The first presentation was in front of about thirty 8th grade students at my school. My presentation featured pictures and information about my school in the U.S., the food that my natural family enjoys (which is not as much rice as in the Philippines!), typical Thanksgiving celebrations in the U.S., and a basic summary of U.S. history.

The presentation went well, though I was nervous to present in Tagalog, which is the language of my host community that I’m learning. Although the audience would have understood me without any problem if I had presented in English, I wanted to use my Tagalog in order to prepare for my next IEW presentation. The students were impressed by the fact that I attend a public school in the U.S., which was a major surprise to my host school peers here, since we attend what is known as a “private school.” Public schools in the Philippines often have fewer resources than a typical public school in the U.S., and it has been surprising to observe that public schools in the U.S. are generally about the same as private schools here in the Philippines.

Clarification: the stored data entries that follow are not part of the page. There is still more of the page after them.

(* Let $m,n\ge0$, $A\subseteq\{1,\dots,m+n\}$ with $|A|=n$, and $w\in S_{m+n}$. Then $\mathrm{Dela}_A(\chi^w)=\chi^{w_{\le m}}\otimes\chi^{w_{>m}}$ if $w^{-1}(A)=\{m+1,\dots,m+n\}$, and $\mathrm{Dela}_A(\chi^w)=0$ otherwise.
   Context: Let $q$ be a prime power, $\mathfrak{ut}_N$ the additive group of strictly upper triangular $N\times N$ matrices over $\mathbb{F}_q$, $e_{ij}(t)$ the matrix with $t$ at $(i,j)$ and zeros elsewhere. For $w\in S_N$ (one-line notation), $\iota_k(w)=\#\{i<w^{-1}(k):w(i)>k\}$ and $\mathfrak{ut}_w=\{x\in\mathfrak{ut}_N:x_{ij}\ne0\Rightarrow0<j-i\le\iota_i(w)\}$. These subgroups form a lattice (closed under intersection and sum); its normal lattice supercharacter theory has supercharacters $\chi^w=\sum_\psi\psi(1)\psi$, summed over irreducible characters $\psi$ of $\mathfrak{ut}_N$ such that $\mathfrak{ut}_w$ is the largest lattice member contained in $\ker\psi$; $\mathrm{scf}(\mathfrak{ut}_N)$ is their span. With $N=m+n$, $|A|=n$: for $1\le i<j\le N$ let $c_i=N-\#\{a\in A:a>i\}$, $U_A=\{(i,j):i\in A,j>c_i\}$, $L_A=\{(i,j):i\in A,j\le c_i\}$, $U_A^\vee=\{(i,j):i\notin A,j\le c_i\}$, $R_A=\{(i,j):i\notin A,j>c_i\}$, and $\mathfrak{ut}_A,\mathfrak{l}_A,\mathfrak{ut}_A^\vee,\mathfrak{r}_A$ the subgroups of matrices supported there. Identify $\mathfrak{ut}_A^\vee\cong\mathfrak{ut}_m$ via $e_{ij}(t)\mapsto e_{i-k,j-k}(t)$, $k=\#\{a\in A:a<i\}$, and $\mathfrak{ut}_A\cong\mathfrak{ut}_n$ via $e_{ij}(t)\mapsto e_{i-\#\{b<i:b\notin A\},j-m}(t)$, so functions on $\mathfrak{ut}_A^\vee\times\mathfrak{ut}_A$ are elements of functions on $\mathfrak{ut}_m\times\mathfrak{ut}_n$. Delapsing: for $\gamma\in\mathrm{scf}(\mathfrak{ut}_N)$, $\mathrm{Dela}_A(\gamma)(u',u)=q^{-|L_A|-|R_A|}\sum_{l\in\mathfrak{l}_A,r\in\mathfrak{r}_A}\left(\frac{-1}{q-1}\right)^{\#\{(i,j):r_{ij}\ne0\}}\gamma(l+u'+u+r)$. For $w\in S_{m+n}$: $w_{\le m}(i)=w(i)-\#\{j>m:w(j)<w(i)\}$ ($1\le i\le m$) and $w_{>m}(j)=w(j+m)-\#\{i\le m:w(i)<w(j+m)\}$ ($1\le j\le n$), i.e. the standardizations of the first $m$ and last $n$ letters. *)

theory Defs
  imports Complex_Main "HOL-Combinatorics.Permutations"
begin

text \<open>Matrices over the finite field 'a are functions nat => nat => 'a, 1-indexed.\<close>
type_synonym 'a mat = "nat \<Rightarrow> nat \<Rightarrow> 'a"

definition madd :: "'a::plus mat \<Rightarrow> 'a mat \<Rightarrow> 'a mat" where
  "madd x y = (\<lambda>i j. x i j + y i j)"

definition ut :: "nat \<Rightarrow> ('a::zero) mat set" where
  "ut N = {x. \<forall>i j. x i j \<noteq> 0 \<longrightarrow> 1 \<le> i \<and> i < j \<and> j \<le> N}"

My second presentation was in my host sister’s 4th grade class of about 65 students. They were a great audience, and my little sister led them all in singing “Maligayang Kaarawan” (Happy Birthday), since it was also my 16th birthday!

During my time with the students, I wanted to show them my America, since the only version of America they knew was the one of wealth and violence portrayed in movies. I hoped to demonstrate the diversity of America through topics like the variety of American foods, languages, and appearances. As a fair-haired and fair-skinned American in the Philippines, I sometimes feel stuck in a stereotype. As hard as I try to avoid it, people sometimes call me “Amerikana,” or “Barbie.” Hopefully, through my presentations, I was able to display some of America’s wonderful diversity.

The presentation in my host-sister’s school was very eye-opening for me. One of my slides focused on Thanksgiving, and I talked about how my family normally gathers together to share a turkey dinner on Thanksgiving. The students and their teachers' reactions to the Thanksgiving portion of the presentation helped me realize that focusing on a family feast might have filled a “wealthy American” stereotype. As soon as I picked up on this, I felt badly for not recognizing this beforehand, and I shifted the focus to the true meaning of Thanksgiving: family and gratitude.

Throughout these past four months I’ve realized that I am privileged in many ways. The turkey is a metaphor to me for the wealth I might not have recognized, and this recognition of my blessings urges me to help more than ever.

After the presentation, I felt as if some aspects of it could have been improved, such as highlighting “wealth” without considering how it could be perceived, but sometimes you have to make mistakes in order to learn from them. I never would have imagined that giving such a presentation could have such a significant impact on me, and it vastly changed my thoughts about the world and my own privileges.

When I came home late on my birthday night, my Tita (Aunt) woke my host-sister up. She handed me an overflowing stack of hand written cards that were full of birthday greetings, thanks, and drawings from the students I presented to earlier that day. My sister and her classmates’ kindness and cheerfulness expressed in their cards is the best gift I could’ve received.